**EXERCISE GOAL**
From the records below, output exactly the lines running from the line containing "k (inv \<phi>" through the line containing "assms by auto", and no others.

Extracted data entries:

# # # #

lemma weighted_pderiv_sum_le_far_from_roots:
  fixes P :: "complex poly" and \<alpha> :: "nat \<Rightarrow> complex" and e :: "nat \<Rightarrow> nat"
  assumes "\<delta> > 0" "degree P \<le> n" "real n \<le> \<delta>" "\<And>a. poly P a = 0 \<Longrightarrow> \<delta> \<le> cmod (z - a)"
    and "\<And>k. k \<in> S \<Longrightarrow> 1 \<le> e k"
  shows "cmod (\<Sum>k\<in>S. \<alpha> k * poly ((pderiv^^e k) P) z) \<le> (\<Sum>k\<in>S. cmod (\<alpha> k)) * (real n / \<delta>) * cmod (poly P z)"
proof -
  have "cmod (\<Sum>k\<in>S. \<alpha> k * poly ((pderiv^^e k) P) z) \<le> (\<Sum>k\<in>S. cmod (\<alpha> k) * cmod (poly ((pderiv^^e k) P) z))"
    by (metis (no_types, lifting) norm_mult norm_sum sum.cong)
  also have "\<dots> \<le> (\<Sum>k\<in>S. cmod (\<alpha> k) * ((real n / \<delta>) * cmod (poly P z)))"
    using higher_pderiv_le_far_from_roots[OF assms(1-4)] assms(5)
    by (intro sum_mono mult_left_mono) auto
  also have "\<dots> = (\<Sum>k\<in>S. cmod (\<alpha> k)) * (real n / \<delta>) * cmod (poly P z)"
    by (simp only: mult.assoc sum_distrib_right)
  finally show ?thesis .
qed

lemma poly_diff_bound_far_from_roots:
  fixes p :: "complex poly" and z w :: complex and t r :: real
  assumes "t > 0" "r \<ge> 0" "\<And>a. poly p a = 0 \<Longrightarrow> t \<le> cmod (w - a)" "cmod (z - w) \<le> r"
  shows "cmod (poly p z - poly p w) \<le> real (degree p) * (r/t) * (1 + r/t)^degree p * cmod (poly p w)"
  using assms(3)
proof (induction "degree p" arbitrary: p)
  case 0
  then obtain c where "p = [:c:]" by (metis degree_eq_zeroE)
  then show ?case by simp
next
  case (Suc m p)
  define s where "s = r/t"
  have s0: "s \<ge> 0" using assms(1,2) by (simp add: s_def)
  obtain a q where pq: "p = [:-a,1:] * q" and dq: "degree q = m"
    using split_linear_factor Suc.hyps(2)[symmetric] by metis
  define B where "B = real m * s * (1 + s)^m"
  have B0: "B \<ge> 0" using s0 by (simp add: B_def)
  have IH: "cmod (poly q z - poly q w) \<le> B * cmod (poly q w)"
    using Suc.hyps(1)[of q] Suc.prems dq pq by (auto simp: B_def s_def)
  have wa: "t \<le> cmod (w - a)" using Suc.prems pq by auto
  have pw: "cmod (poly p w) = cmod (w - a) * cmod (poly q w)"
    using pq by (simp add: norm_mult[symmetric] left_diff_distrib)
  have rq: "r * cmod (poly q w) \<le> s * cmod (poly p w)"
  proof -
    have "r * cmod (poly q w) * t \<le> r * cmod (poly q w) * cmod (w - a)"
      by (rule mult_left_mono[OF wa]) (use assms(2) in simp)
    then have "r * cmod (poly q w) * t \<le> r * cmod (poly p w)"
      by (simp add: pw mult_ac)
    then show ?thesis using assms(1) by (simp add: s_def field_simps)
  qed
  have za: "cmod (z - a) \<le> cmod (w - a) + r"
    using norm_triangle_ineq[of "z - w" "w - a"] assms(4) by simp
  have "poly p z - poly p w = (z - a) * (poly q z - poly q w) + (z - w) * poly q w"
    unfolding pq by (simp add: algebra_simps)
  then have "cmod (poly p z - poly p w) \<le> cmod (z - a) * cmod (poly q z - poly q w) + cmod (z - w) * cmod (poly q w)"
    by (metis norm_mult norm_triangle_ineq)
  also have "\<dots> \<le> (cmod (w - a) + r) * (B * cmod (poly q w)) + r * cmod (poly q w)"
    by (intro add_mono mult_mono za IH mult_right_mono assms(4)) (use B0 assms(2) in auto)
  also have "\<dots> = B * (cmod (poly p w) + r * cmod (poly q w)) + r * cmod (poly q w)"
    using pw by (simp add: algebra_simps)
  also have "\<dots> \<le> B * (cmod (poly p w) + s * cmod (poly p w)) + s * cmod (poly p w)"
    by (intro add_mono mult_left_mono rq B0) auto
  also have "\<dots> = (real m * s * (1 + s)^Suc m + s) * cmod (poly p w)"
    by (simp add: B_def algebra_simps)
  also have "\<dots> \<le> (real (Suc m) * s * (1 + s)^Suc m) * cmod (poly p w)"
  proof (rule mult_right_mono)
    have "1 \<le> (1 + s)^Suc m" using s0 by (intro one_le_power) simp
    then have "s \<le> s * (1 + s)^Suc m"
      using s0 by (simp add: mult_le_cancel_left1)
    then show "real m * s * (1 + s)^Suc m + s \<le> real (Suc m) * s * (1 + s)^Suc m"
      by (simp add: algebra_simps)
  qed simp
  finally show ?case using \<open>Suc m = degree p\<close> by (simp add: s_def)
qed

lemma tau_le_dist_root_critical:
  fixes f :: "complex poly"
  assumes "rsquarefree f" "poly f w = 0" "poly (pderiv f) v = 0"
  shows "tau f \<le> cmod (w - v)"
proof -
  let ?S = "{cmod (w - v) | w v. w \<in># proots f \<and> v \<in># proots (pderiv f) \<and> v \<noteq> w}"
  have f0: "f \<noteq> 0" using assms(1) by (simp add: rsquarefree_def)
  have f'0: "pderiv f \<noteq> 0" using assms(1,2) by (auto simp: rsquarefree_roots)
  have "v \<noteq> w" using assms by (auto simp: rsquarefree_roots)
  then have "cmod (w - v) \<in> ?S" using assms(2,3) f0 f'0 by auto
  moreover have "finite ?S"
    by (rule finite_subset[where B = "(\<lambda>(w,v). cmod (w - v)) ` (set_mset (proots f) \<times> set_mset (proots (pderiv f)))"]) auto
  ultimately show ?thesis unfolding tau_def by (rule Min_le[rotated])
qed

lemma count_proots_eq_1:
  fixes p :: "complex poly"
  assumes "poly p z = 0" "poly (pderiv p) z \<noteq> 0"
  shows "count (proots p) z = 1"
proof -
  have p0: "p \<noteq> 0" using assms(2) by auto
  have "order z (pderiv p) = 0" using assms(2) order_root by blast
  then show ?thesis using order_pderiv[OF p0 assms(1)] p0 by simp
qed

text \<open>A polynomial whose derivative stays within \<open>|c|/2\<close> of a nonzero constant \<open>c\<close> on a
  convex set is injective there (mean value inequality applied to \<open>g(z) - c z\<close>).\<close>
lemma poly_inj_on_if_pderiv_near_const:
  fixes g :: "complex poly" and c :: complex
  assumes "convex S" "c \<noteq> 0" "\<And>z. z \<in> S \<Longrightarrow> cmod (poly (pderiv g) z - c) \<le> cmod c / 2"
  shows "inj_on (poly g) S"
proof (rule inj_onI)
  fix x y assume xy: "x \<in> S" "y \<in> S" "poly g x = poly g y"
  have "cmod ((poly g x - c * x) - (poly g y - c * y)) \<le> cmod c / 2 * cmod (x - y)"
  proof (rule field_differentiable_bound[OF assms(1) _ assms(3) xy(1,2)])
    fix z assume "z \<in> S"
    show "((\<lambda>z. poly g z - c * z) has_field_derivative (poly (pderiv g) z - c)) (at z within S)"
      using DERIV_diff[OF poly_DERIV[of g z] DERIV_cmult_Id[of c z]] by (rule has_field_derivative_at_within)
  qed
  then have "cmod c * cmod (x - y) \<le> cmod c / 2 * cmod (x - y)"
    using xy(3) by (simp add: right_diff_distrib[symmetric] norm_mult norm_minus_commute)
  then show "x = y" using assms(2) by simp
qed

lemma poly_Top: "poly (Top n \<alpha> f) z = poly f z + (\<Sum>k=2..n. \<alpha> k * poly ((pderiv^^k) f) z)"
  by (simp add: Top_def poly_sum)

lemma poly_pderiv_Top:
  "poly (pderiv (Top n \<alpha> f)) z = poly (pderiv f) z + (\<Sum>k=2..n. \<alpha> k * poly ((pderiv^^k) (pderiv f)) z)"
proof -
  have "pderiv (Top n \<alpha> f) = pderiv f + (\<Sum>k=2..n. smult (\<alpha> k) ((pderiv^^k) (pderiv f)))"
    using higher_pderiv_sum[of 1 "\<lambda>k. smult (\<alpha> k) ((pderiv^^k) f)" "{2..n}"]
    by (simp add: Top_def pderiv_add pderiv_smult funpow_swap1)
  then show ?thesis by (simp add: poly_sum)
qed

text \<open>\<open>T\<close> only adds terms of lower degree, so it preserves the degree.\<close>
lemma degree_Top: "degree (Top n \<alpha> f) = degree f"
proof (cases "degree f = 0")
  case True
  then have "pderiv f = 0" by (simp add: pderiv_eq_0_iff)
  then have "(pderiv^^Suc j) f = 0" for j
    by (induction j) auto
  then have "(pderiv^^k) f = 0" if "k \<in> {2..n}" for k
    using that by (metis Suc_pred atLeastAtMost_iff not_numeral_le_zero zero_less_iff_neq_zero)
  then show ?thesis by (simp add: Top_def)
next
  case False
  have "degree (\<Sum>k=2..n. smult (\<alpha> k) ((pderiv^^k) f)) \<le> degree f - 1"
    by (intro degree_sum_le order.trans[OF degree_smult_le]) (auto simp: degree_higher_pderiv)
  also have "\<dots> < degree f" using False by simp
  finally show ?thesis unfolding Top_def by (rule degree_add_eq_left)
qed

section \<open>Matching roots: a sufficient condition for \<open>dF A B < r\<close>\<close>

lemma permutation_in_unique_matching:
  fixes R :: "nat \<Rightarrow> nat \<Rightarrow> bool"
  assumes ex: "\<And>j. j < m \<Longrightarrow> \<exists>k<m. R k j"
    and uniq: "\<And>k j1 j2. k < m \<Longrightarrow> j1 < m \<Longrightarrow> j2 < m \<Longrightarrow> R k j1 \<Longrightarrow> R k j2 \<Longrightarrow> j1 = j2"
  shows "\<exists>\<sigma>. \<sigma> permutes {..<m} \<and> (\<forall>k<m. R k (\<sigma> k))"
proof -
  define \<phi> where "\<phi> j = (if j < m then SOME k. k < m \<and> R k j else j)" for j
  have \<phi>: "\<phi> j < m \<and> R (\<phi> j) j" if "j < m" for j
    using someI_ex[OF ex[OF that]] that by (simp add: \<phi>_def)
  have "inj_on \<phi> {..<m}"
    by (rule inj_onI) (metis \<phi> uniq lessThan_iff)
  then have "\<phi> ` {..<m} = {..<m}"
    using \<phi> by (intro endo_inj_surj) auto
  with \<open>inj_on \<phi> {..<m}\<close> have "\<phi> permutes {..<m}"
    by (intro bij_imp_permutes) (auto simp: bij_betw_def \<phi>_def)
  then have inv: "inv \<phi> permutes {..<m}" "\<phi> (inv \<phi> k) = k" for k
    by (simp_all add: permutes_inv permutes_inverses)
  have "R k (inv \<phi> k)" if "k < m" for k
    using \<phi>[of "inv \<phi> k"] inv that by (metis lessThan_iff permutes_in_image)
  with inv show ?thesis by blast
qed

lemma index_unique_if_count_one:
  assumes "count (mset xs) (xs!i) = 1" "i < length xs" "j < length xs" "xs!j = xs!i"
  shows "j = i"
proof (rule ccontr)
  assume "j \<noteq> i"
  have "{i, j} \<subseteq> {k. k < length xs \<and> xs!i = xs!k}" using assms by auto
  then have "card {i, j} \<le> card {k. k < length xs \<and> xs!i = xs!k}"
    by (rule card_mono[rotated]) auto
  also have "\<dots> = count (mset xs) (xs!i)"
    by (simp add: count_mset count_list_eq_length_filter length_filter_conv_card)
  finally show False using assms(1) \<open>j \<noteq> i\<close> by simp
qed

# # # #

**RESULT FOR THIS EXERCISE**
  have "R k (inv \<phi> k)" if "k < m" for k
    using \<phi>[of "inv \<phi> k"] inv that by (metis lessThan_iff permutes_in_image)
  with inv show ?thesis by blast
qed

lemma index_unique_if_count_one:
  assumes "count (mset xs) (xs!i) = 1" "i < length xs" "j < length xs" "xs!j = xs!i"
  shows "j = i"
proof (rule ccontr)
  assume "j \<noteq> i"
  have "{i, j} \<subseteq> {k. k < length xs \<and> xs!i = xs!k}" using assms by auto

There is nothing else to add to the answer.